Create a reusable setup verification function:

  • Write a function verify_environment() that checks Pandas and NumPy versions
  • Print a warning if Pandas version is below 2.0
  • Set optimal display options (max_columns, precision, max_rows)
  • Return a dict with environment info: {'pandas': pd.__version__, 'numpy': np.__version__}
  • Bonus: Add a check for optional dependencies like matplotlib or openpyxl

⭐ Pro tip: This function can be your standard "first cell" in every data analysis notebook!

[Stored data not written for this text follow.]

(* Let $\mathbf{A}$ be a countable UL-chain and let $\mathscr{K}_2$ be the class of all finite $\mathbf{A}$-structures $\langle\mathbf{A},\mathbf{M}\rangle$ in the language with a single binary relation symbol $<$ such that for all $a,b,c\in M$: $\|a<a\|^{\mathbf{A}}_{\mathbf{M}}\ge\bar 1$; $\|(a<b\wedge b<c)\to a<c\|^{\mathbf{A}}_{\mathbf{M}}\ge\bar 1$; and $\|a<b\vee b<a\|^{\mathbf{A}}_{\mathbf{M}}\ge\bar 1$. Then $\mathscr{K}_2^{\cong}$ is a Fraïssé class, i.e. a countable set of finitely generated $\mathbf{A}$-structures having the hereditary property, the joint embedding property and the amalgamation property.
   Context: A UL-algebra is $\mathbf{A}=\langle A,\wedge,\vee,\&,\to,\bar 0,\bar 1,\bot,\top\rangle$ where $\langle A,\wedge,\vee,\bot,\top\rangle$ is a bounded lattice, $\langle A,\&,\bar 1\rangle$ is a commutative monoid, $a\& b\le c$ iff $b\le a\to c$, and $((a\to b)\wedge\bar 1)\vee((b\to a)\wedge \bar 1)=\bar 1$; a UL-chain is one with linear order. An $\mathbf{A}$-structure for $\{<\}$ is a set $M$ with a function $<_{\mathbf{M}}:M^2\to A$, $\|a<b\|^{\mathbf{A}}_{\mathbf{M}}=<_{\mathbf{M}}(a,b)$, compound formulas evaluated by the operations of $\mathbf{A}$. Substructure: subset with restricted relation. Embedding: injective map preserving the values of $<$, identity on $\mathbf{A}$; isomorphism: surjective embedding. $\mathscr{K}^{\cong}$: one representative of each isomorphism type in $\mathscr{K}$. Hereditary property: closed under substructures (up to isomorphism). Joint embedding property: any two members embed into a common member. Amalgamation property: whenever $\mathbf{M}_0$ is a substructure of both $\mathbf{M}_1$ and $\mathbf{M}_2$, all in the class, there are a member $\mathbf{M}_3$ and embeddings $f_1:\mathbf{M}_1\to\mathbf{M}_3$, $f_2:\mathbf{M}_2\to\mathbf{M}_3$ agreeing on $M_0$. *)

theory Defs
  imports Main "HOL-Library.Countable_Set"
begin

record 'a ul_alg =
  ucar  :: "'a set"
  umeet :: "'a \<Rightarrow> 'a \<Rightarrow> 'a"
  ujoin :: "'a \<Rightarrow> 'a \<Rightarrow> 'a"
  ufus  :: "'a \<Rightarrow> 'a \<Rightarrow> 'a"
  uimp  :: "'a \<Rightarrow> 'a \<Rightarrow> 'a"
  uzero :: 'a
  uone  :: 'a
  ubot  :: 'a
  utop  :: 'a

definition ul_le :: "('a, 'm) ul_alg_scheme \<Rightarrow> 'a \<Rightarrow> 'a \<Rightarrow> bool" where
  "ul_le A a b \<longleftrightarrow> umeet A a b = a"

definition ul_algebra :: "('a, 'm) ul_alg_scheme \<Rightarrow> bool" where
  "ul_algebra A \<longleftrightarrow>
     uzero A \<in> ucar A \<and> uone A \<in> ucar A \<and> ubot A \<in> ucar A \<and> utop A \<in> ucar A \<and>
     (\<forall>a\<in>ucar A. \<forall>b\<in>ucar A.
        umeet A a b \<in> ucar A \<and> ujoin A a b \<in> ucar A \<and>
        ufus A a b \<in> ucar A \<and> uimp A a b \<in> ucar A) \<and>
     \<comment> \<open>bounded lattice\<close>
     (\<forall>a\<in>ucar A. \<forall>b\<in>ucar A.
        umeet A a b = umeet A b a \<and> ujoin A a b = ujoin A b a \<and>
        umeet A a (ujoin A a b) = a \<and> ujoin A a (umeet A a b) = a) \<and>
     (\<forall>a\<in>ucar A. \<forall>b\<in>ucar A. \<forall>c\<in>ucar A.
        umeet A (umeet A a b) c = umeet A a (umeet A b c) \<and>
        ujoin A (ujoin A a b) c = ujoin A a (ujoin A b c)) \<and>
     (\<forall>a\<in>ucar A. ul_le A (ubot A) a \<and> ul_le A a (utop A)) \<and>
     \<comment> \<open>commutative monoid\<close>
     (\<forall>a\<in>ucar A. \<forall>b\<in>ucar A. \<forall>c\<in>ucar A.
        ufus A (ufus A a b) c = ufus A a (ufus A b c)) \<and>
     (\<forall>a\<in>ucar A. \<forall>b\<in>ucar A. ufus A a b = ufus A b a) \<and>
     (\<forall>a\<in>ucar A. ufus A a (uone A) = a) \<and>
     \<comment> \<open>residuation\<close>
     (\<forall>a\<in>ucar A. \<forall>b\<in>ucar A. \<forall>c\<in>ucar A.
        ul_le A (ufus A a b) c \<longleftrightarrow> ul_le A b (uimp A a c)) \<and>
     \<comment> \<open>prelinearity\<close>
     (\<forall>a\<in>ucar A. \<forall>b\<in>ucar A.
        ujoin A (umeet A (uimp A a b) (uone A)) (umeet A (uimp A b a) (uone A)) = uone A)"

definition ul_chain :: "('a, 'm) ul_alg_scheme \<Rightarrow> bool" where
  "ul_chain A \<longleftrightarrow> ul_algebra A \<and>
     (\<forall>a\<in>ucar A. \<forall>b\<in>ucar A. ul_le A a b \<or> ul_le A b a)"

text \<open>An A-structure is a pair (M, R): universe M and the interpretation R of <.
  Only the values of R on M matter.\<close>
type_synonym ('b, 'a) astr = "'b set \<times> ('b \<Rightarrow> 'b \<Rightarrow> 'a)"

definition is_astr :: "('a, 'm) ul_alg_scheme \<Rightarrow> ('b, 'a) astr \<Rightarrow> bool" where
  "is_astr A S \<longleftrightarrow> (\<forall>x\<in>fst S. \<forall>y\<in>fst S. snd S x y \<in> ucar A)"

definition substr :: "('b, 'a) astr \<Rightarrow> ('b, 'a) astr \<Rightarrow> bool" where
  "substr N M \<longleftrightarrow> fst N \<subseteq> fst M \<and>
     (\<forall>x\<in>fst N. \<forall>y\<in>fst N. snd N x y = snd M x y)"

definition embedding :: "('b \<Rightarrow> 'c) \<Rightarrow> ('b, 'a) astr \<Rightarrow> ('c, 'a) astr \<Rightarrow> bool" where
  "embedding f N M \<longleftrightarrow> f ` fst N \<subseteq> fst M \<and> inj_on f (fst N) \<and>
     (\<forall>x\<in>fst N. \<forall>y\<in>fst N. snd M (f x) (f y) = snd N x y)"

definition isomorphism :: "('b \<Rightarrow> 'c) \<Rightarrow> ('b, 'a) astr \<Rightarrow> ('c, 'a) astr \<Rightarrow> bool" where
  "isomorphism f N M \<longleftrightarrow> embedding f N M \<and> f ` fst N = fst M"

definition isomorphic :: "('b, 'a) astr \<Rightarrow> ('c, 'a) astr \<Rightarrow> bool" where
  "isomorphic N M \<longleftrightarrow> (\<exists>f. isomorphism f N M)"

definition K2 :: "('a, 'm) ul_alg_scheme \<Rightarrow> ('b, 'a) astr set" where
  "K2 A = {S. finite (fst S) \<and> is_astr A S \<and>
     (\<forall>a\<in>fst S. \<forall>b\<in>fst S. \<forall>c\<in>fst S.
        ul_le A (uone A) (snd S a a) \<and>
        ul_le A (uone A) (uimp A (umeet A (snd S a b) (snd S b c)) (snd S a c)) \<and>
        ul_le A (uone A) (ujoin A (snd S a b) (snd S b a)))}"

text \<open>S is a set of representatives K^\<cong> of the class K: one member of K for each
  isomorphism type of K.\<close>
definition iso_reps :: "('b, 'a) astr set \<Rightarrow> ('b, 'a) astr set \<Rightarrow> bool" where
  "iso_reps K S \<longleftrightarrow> S \<subseteq> K \<and> (\<forall>M\<in>K. \<exists>N\<in>S. isomorphic M N) \<and>
     (\<forall>N1\<in>S. \<forall>N2\<in>S. isomorphic N1 N2 \<longrightarrow> N1 = N2)"

text \<open>Membership "in the class" up to isomorphism.\<close>
definition iso_closure :: "('b, 'a) astr set \<Rightarrow> ('b, 'a) astr set" where
  "iso_closure S = {M. \<exists>N\<in>S. isomorphic M N}"

definition hereditary :: "('b, 'a) astr set \<Rightarrow> bool" where
  "hereditary S \<longleftrightarrow> (\<forall>M\<in>iso_closure S. \<forall>N. substr N M \<longrightarrow> N \<in> iso_closure S)"

definition jep :: "('b, 'a) astr set \<Rightarrow> bool" where
  "jep S \<longleftrightarrow> (\<forall>M1\<in>iso_closure S. \<forall>M2\<in>iso_closure S. \<exists>M3\<in>S. \<exists>f1 f2.
      embedding f1 M1 M3 \<and> embedding f2 M2 M3)"

definition amalgamation :: "('b, 'a) astr set \<Rightarrow> bool" where
  "amalgamation S \<longleftrightarrow> (\<forall>M0\<in>iso_closure S. \<forall>M1\<in>iso_closure S. \<forall>M2\<in>iso_closure S.
      substr M0 M1 \<longrightarrow> substr M0 M2 \<longrightarrow>
      (\<exists>M3\<in>S. \<exists>f1 f2. embedding f1 M1 M3 \<and> embedding f2 M2 M3 \<and>
         (\<forall>x\<in>fst M0. f1 x = f2 x)))"

text \<open>In a finite relational language, finitely generated = finite.\<close>
definition fraisse_class :: "('b, 'a) astr set \<Rightarrow> bool" where
  "fraisse_class S \<longleftrightarrow> countable S \<and> (\<forall>M\<in>S. finite (fst M)) \<and>
     hereditary S \<and> jep S \<and> amalgamation S"

end

theory Submission
  imports Defs
begin

(* Over a UL-chain, 1 \<le> a \<rightarrow> b holds iff a \<le> b, so the axioms of K2 only speak about the
   order of the chain: the relation is reflexive and total at the level of 1 and min-transitive.
   A finite structure involves only finitely many truth values, and ranking them in the chain
   turns its relation into a nat-valued fuzzy total preorder.  Two such preorders agreeing on a
   common part are amalgamated by the max-min composition through the common part; of the two
   directions between new points the one with the larger value is lifted to at least the
   level of 1, and transitivity of the result is a case analysis on the parts the three points
   come from.  Heredity is immediate, joint embedding is amalgamation over the empty structure,
   and countably many representatives are obtained by taking the universes {e 0, ..., e (n - 1)}
   for a fixed injection e of nat into the universe type. *)

section \<open>Fuzzy total preorders\<close>

definition fuzzy_total_preorder :: "'v::linorder \<Rightarrow> 'c set \<Rightarrow> ('c \<Rightarrow> 'c \<Rightarrow> 'v) \<Rightarrow> bool" where
  "fuzzy_total_preorder u M r \<longleftrightarrow>
     (\<forall>a\<in>M. u \<le> r a a) \<and> (\<forall>a\<in>M. \<forall>b\<in>M. u \<le> r a b \<or> u \<le> r b a) \<and>
     (\<forall>a\<in>M. \<forall>b\<in>M. \<forall>c\<in>M. min (r a b) (r b c) \<le> r a c)"

lemma fuzzy_total_preorder_refl: "fuzzy_total_preorder u M r \<Longrightarrow> a \<in> M \<Longrightarrow> u \<le> r a a"
  unfolding fuzzy_total_preorder_def by blast

lemma fuzzy_total_preorder_total:
  "fuzzy_total_preorder u M r \<Longrightarrow> a \<in> M \<Longrightarrow> b \<in> M \<Longrightarrow> u \<le> r a b \<or> u \<le> r b a"
  unfolding fuzzy_total_preorder_def by blast

lemma fuzzy_total_preorder_trans:
  "fuzzy_total_preorder u M r \<Longrightarrow> a \<in> M \<Longrightarrow> b \<in> M \<Longrightarrow> c \<in> M \<Longrightarrow>
    min (r a b) (r b c) \<le> r a c"
  unfolding fuzzy_total_preorder_def by blast

lemma fuzzy_total_preorder_cong:
  "(\<And>x y. x \<in> M \<Longrightarrow> y \<in> M \<Longrightarrow> r x y = r' x y) \<Longrightarrow>
    fuzzy_total_preorder u M r \<longleftrightarrow> fuzzy_total_preorder u M r'"
  unfolding fuzzy_total_preorder_def by simp

definition maxmin_through ::
    "'c set \<Rightarrow> ('c \<Rightarrow> 'c \<Rightarrow> 'v::{linorder,order_bot}) \<Rightarrow> 'c \<Rightarrow> 'c \<Rightarrow> 'v" where
  "maxmin_through Z r x y = Max (insert bot ((\<lambda>z. min (r x z) (r z y)) ` Z))"

context
  fixes Z :: "'c set" and r :: "'c \<Rightarrow> 'c \<Rightarrow> 'v::{linorder,order_bot}"
  assumes finite_Z: "finite Z"
begin

lemma maxmin_through_ge: "z \<in> Z \<Longrightarrow> min (r x z) (r z y) \<le> maxmin_through Z r x y"
  unfolding maxmin_through_def using finite_Z by simp

lemma maxmin_through_cases:
  obtains "maxmin_through Z r x y = bot"
  | z where "z \<in> Z" "maxmin_through Z r x y = min (r x z) (r z y)"
proof -
  have "maxmin_through Z r x y \<in> insert bot ((\<lambda>z. min (r x z) (r z y)) ` Z)"
    unfolding maxmin_through_def using finite_Z by (intro Max_in) auto
  then show thesis using that by blast
qed

context
  fixes u :: 'v and M :: "'c set"
  assumes ftp: "fuzzy_total_preorder u M r" and Z_sub: "Z \<subseteq> M"
begin

lemma maxmin_through_le: "a \<in> M \<Longrightarrow> a' \<in> M \<Longrightarrow> maxmin_through Z r a a' \<le> r a a'"
  by (cases rule: maxmin_through_cases[of a a'])
    (use fuzzy_total_preorder_trans[OF ftp] Z_sub in auto)

lemma maxmin_through_trans_left:
  assumes "a \<in> M" "a' \<in> M"
  shows "min (r a a') (maxmin_through Z r a' v) \<le> maxmin_through Z r a v"
proof (cases rule: maxmin_through_cases[of a' v])
  case (2 z)
  have "min (r a a') (r a' z) \<le> r a z"
    using fuzzy_total_preorder_trans[OF ftp] assms Z_sub \<open>z \<in> Z\<close> by blast
  moreover have "min (r a z) (r z v) \<le> maxmin_through Z r a v"
    using maxmin_through_ge \<open>z \<in> Z\<close> .
  ultimately show ?thesis using 2 by (auto simp: min_le_iff_disj intro: order.trans)
qed simp

lemma maxmin_through_trans_right:
  assumes "a \<in> M" "a' \<in> M"
  shows "min (maxmin_through Z r v a) (r a a') \<le> maxmin_through Z r v a'"
proof (cases rule: maxmin_through_cases[of v a])
  case (2 z)
  have "min (r z a) (r a a') \<le> r z a'"
    using fuzzy_total_preorder_trans[OF ftp] assms Z_sub \<open>z \<in> Z\<close> by blast
  moreover have "min (r v z) (r z a') \<le> maxmin_through Z r v a'"
    using maxmin_through_ge \<open>z \<in> Z\<close> .
  ultimately show ?thesis using 2 by (auto simp: min_le_iff_disj intro: order.trans)
qed simp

📊 Pandas Series: 1D Labeled Data

A Series is a one-dimensional labeled array capable of holding any data type. Think of it as a column in a spreadsheet or a Python list with labels instead of just positions.

📖 Series Vocabulary

Series — A 1D array with labeled indices (like a single column)

index — The row labels (can be numbers, strings, dates, etc.)

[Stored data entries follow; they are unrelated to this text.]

lemma num_digits_power_add:
  assumes "B \<ge> 2" "t < B ^ a"
  shows "num_digits B (B ^ a + t) = a + 1"
proof (rule num_digits_eqI[OF assms(1)])
  have "B ^ a + t < 2 * B ^ a" using assms(2) by simp
  also have "\<dots> \<le> B * B ^ a" using assms(1) by (rule mult_le_mono1)
  finally show "B ^ a + t < B ^ (a + 1)" by simp
qed auto

lemma power_le_power_Suc_diff:
  fixes B t c :: nat
  assumes "B \<ge> 2" "t < B ^ c"
  shows "B ^ c \<le> B ^ (c + 1) - 1 - t"
proof -
  have "2 * B ^ c \<le> B * B ^ c" using assms(1) by (rule mult_le_mono1)
  then have "B ^ c \<le> B * B ^ c - 1 - t" using assms(2) by linarith
  then show ?thesis by simp
qed

lemma num_digits_power_diff:
  assumes "B \<ge> 2" "t < B ^ c"
  shows "num_digits B (B ^ (c + 1) - 1 - t) = c + 1"
  using power_le_power_Suc_diff[OF assms] assms(1) by (intro num_digits_eqI) auto

definition digit_excess :: "nat \<Rightarrow> nat \<Rightarrow> real" where
  "digit_excess B n = real (num_digits B n) - log B n"

lemma digit_excess_pos:
  assumes "B \<ge> 2" "n > 0"
  shows "digit_excess B n > 0"
proof -
  have "real n < real B ^ num_digits B n"
    using less_power_num_digits[OF assms(1)] by (metis of_nat_less_iff of_nat_power)
  then show ?thesis
    unfolding digit_excess_def using log_of_power_less assms by simp
qed

lemma digit_excess_le_one:
  assumes "B \<ge> 2" "n > 0"
  shows "digit_excess B n \<le> 1"
proof -
  have "real B ^ (num_digits B n - 1) \<le> real n"
    using power_num_digits_le[OF assms] by (metis of_nat_le_iff of_nat_power)
  then show ?thesis
    unfolding digit_excess_def using le_log_of_power num_digits_pos[OF assms] assms(1)
    by fastforce
qed

lemma num_digits_digit_excess_eqI:
  assumes "B \<ge> 2" "n > 0" "log B n = real k - 1 + x" "0 \<le> x" "x < 1"
  shows "num_digits B n = k" "digit_excess B n = 1 - x"
proof -
  show "num_digits B n = k" using assms by (intro num_digits_eqI_log) auto
  then show "digit_excess B n = 1 - x" unfolding digit_excess_def using assms(3) by simp
qed

lemma num_digits_mult:
  assumes "B \<ge> 2" "m > 0" "n > 0" "digit_excess B m + digit_excess B n > 1"
  shows "num_digits B (m * n) = num_digits B m + num_digits B n - 1"
proof (rule num_digits_eqI_log[OF assms(1)])
  show "m * n > 0" using assms(2,3) by simp
  have "log B (m * n) = num_digits B m + num_digits B n - (digit_excess B m + digit_excess B n)"
    using assms(1-3) by (simp add: digit_excess_def log_mult)
  moreover have "num_digits B m > 0" "num_digits B n > 0"
    using num_digits_pos assms by auto
  ultimately show "real (num_digits B m + num_digits B n - 1) - 1 \<le> log B (m * n)"
      "log B (m * n) < real (num_digits B m + num_digits B n - 1)"
    using assms(4) digit_excess_le_one[OF assms(1,2)] digit_excess_le_one[OF assms(1,3)]
    by auto
qed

values — The actual data as a NumPy array

dtype — The data type of the Series (int64, float64, object, etc.)

name — Optional label for the Series (becomes column name in DataFrame)

💡 Series vs Python Lists

Python List: [1.2, 0.5, 3.0] — Access by position: prices[0]

Pandas Series: {'Apple': 1.2, 'Banana': 0.5, 'Cherry': 3.0} — Access by label: prices['Apple']

Why use Series? Labeled indices, automatic alignment, vectorized operations, and missing data handling!

Python ❌ Bad Practice Using Parallel Lists
# ❌ BAD: Using parallel lists for labeled data
products = ['Apple', 'Banana', 'Cherry']
prices = [1.20, 0.50, 3.00]

# Hard to maintain connection between product and price
idx = products.index('Apple')
print(f"Price of {products[idx]}: {prices[idx]}")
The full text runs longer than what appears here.